**Work request:**
Look through the records below, and whenever a line contains "variables", copy it.

**Extracted material:**
========
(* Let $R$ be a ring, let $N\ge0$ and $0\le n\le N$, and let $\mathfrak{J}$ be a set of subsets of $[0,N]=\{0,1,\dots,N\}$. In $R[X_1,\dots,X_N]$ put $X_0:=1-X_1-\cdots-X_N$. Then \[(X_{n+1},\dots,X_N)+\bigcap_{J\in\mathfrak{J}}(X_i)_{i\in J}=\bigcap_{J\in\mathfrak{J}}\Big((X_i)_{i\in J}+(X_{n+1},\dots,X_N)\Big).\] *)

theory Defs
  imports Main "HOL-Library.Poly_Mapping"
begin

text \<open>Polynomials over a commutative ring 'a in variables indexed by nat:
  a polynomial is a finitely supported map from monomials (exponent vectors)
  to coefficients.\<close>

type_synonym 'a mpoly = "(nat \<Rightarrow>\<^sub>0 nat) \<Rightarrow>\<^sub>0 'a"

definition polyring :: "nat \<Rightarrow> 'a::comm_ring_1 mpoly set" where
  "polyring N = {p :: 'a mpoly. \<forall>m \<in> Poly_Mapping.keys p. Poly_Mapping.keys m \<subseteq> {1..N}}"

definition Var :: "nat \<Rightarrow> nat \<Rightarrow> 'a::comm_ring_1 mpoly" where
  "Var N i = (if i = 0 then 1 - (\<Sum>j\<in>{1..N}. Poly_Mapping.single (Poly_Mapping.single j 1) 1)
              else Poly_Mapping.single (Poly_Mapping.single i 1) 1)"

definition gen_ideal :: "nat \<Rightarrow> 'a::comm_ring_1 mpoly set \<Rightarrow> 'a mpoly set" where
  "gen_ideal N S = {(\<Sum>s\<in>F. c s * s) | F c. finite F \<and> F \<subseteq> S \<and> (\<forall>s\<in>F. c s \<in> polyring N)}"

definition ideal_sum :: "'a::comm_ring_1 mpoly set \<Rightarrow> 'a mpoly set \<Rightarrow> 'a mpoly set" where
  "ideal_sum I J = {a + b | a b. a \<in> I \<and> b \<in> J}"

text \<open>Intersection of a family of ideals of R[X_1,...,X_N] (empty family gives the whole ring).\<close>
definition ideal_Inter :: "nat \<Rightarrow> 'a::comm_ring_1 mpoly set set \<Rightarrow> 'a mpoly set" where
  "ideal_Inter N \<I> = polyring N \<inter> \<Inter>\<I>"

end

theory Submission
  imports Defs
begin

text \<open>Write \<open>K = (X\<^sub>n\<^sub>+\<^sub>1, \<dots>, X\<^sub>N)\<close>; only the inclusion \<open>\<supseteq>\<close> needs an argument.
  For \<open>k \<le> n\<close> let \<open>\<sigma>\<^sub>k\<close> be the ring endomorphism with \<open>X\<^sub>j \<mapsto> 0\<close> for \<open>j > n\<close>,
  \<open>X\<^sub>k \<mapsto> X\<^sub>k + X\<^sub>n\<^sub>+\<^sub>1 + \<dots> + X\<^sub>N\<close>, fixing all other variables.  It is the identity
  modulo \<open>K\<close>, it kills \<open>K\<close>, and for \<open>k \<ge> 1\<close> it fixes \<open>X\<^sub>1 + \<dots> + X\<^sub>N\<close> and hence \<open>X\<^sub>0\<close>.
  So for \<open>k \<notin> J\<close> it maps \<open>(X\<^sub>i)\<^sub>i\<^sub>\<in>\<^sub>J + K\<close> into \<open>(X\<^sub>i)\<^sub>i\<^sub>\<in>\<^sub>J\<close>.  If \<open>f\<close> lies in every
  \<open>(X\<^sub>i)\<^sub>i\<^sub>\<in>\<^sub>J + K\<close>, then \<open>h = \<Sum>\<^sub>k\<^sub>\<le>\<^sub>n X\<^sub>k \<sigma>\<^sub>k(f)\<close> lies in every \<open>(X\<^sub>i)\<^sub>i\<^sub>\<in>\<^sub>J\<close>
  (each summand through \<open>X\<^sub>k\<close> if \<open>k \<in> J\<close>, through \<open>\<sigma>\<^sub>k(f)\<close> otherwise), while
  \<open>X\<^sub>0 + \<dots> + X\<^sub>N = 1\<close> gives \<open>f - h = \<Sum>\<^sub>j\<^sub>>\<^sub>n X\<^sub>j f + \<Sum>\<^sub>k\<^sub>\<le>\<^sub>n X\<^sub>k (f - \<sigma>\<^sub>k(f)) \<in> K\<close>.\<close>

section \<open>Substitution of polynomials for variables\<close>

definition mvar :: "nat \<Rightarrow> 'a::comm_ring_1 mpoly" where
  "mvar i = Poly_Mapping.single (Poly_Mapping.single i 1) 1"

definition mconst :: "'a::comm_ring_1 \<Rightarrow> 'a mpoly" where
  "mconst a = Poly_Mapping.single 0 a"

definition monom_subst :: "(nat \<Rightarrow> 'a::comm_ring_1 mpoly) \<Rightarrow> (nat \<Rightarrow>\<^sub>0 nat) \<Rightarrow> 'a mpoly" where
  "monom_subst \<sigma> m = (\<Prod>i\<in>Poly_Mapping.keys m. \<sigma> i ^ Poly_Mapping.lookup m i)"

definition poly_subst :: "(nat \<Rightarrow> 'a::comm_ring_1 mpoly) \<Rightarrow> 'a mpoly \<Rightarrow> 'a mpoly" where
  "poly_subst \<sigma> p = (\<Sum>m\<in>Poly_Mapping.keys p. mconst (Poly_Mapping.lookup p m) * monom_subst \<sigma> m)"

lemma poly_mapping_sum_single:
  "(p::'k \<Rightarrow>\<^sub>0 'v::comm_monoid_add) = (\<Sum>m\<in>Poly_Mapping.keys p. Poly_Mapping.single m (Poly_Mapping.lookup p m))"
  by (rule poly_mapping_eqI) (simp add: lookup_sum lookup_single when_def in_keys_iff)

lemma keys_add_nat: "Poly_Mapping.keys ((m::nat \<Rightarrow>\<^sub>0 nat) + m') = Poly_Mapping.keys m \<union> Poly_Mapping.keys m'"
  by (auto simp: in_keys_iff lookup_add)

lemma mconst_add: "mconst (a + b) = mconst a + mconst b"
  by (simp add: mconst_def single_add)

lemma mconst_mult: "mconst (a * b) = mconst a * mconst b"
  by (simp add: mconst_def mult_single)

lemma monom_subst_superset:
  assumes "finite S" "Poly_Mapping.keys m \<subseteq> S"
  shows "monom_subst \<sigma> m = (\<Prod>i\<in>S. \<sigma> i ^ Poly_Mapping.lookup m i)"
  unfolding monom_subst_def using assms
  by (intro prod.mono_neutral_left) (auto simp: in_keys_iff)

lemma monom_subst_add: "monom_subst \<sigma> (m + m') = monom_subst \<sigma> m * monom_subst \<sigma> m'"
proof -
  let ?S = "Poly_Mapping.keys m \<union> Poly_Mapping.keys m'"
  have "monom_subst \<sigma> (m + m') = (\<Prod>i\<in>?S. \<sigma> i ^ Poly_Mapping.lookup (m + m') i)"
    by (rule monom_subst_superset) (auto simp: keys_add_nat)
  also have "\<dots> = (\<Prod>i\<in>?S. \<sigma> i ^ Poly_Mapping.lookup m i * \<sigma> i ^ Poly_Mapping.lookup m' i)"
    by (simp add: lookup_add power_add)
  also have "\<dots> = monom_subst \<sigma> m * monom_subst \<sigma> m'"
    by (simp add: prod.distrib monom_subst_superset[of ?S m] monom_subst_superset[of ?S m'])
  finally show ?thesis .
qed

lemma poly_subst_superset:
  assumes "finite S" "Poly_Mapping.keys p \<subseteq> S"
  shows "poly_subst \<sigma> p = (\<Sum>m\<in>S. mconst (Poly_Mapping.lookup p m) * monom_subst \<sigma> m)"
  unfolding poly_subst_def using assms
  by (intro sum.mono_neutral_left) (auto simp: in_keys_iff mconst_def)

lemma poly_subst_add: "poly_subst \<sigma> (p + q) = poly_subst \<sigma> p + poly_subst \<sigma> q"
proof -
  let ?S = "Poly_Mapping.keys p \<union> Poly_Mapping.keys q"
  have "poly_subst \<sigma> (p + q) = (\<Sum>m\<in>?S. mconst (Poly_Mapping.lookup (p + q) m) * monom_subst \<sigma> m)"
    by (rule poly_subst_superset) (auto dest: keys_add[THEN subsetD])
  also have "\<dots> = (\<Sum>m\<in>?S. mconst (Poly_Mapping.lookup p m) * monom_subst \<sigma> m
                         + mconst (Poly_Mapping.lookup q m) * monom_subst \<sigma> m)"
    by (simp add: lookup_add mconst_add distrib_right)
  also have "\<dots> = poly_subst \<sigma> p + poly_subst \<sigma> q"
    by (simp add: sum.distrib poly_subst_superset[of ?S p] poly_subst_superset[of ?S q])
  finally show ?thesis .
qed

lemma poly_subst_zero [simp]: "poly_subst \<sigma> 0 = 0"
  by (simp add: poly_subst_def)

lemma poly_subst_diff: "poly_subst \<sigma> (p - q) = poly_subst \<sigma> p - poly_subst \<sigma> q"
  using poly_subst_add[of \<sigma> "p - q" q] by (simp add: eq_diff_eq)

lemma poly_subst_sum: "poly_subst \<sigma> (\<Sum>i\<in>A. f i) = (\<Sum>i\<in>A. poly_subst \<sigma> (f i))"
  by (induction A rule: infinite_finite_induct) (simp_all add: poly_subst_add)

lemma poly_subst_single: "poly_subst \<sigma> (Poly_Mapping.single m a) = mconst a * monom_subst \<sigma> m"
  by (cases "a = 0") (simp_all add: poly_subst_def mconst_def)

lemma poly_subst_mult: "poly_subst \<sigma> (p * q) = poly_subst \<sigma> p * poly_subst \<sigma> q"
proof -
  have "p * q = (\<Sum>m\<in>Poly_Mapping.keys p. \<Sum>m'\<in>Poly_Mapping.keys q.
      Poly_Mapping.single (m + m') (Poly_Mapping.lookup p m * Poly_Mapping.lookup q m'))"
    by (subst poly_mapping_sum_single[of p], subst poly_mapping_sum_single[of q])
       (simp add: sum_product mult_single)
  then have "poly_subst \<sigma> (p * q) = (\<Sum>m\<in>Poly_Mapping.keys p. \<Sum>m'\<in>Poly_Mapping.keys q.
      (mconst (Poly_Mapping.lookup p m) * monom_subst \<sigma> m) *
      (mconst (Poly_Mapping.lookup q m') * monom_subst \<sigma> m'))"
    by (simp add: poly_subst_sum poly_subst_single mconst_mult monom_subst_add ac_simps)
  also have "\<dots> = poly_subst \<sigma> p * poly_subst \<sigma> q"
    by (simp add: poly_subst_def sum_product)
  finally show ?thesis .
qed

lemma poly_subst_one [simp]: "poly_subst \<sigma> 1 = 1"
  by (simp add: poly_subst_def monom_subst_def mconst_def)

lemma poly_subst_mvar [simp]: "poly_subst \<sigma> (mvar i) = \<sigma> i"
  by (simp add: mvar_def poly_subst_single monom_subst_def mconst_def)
========
**Answer section:**
text \<open>Polynomials over a commutative ring 'a in variables indexed by nat:
  \<open>X\<^sub>k \<mapsto> X\<^sub>k + X\<^sub>n\<^sub>+\<^sub>1 + \<dots> + X\<^sub>N\<close>, fixing all other variables.  It is the identity
section \<open>Substitution of polynomials for variables\<close>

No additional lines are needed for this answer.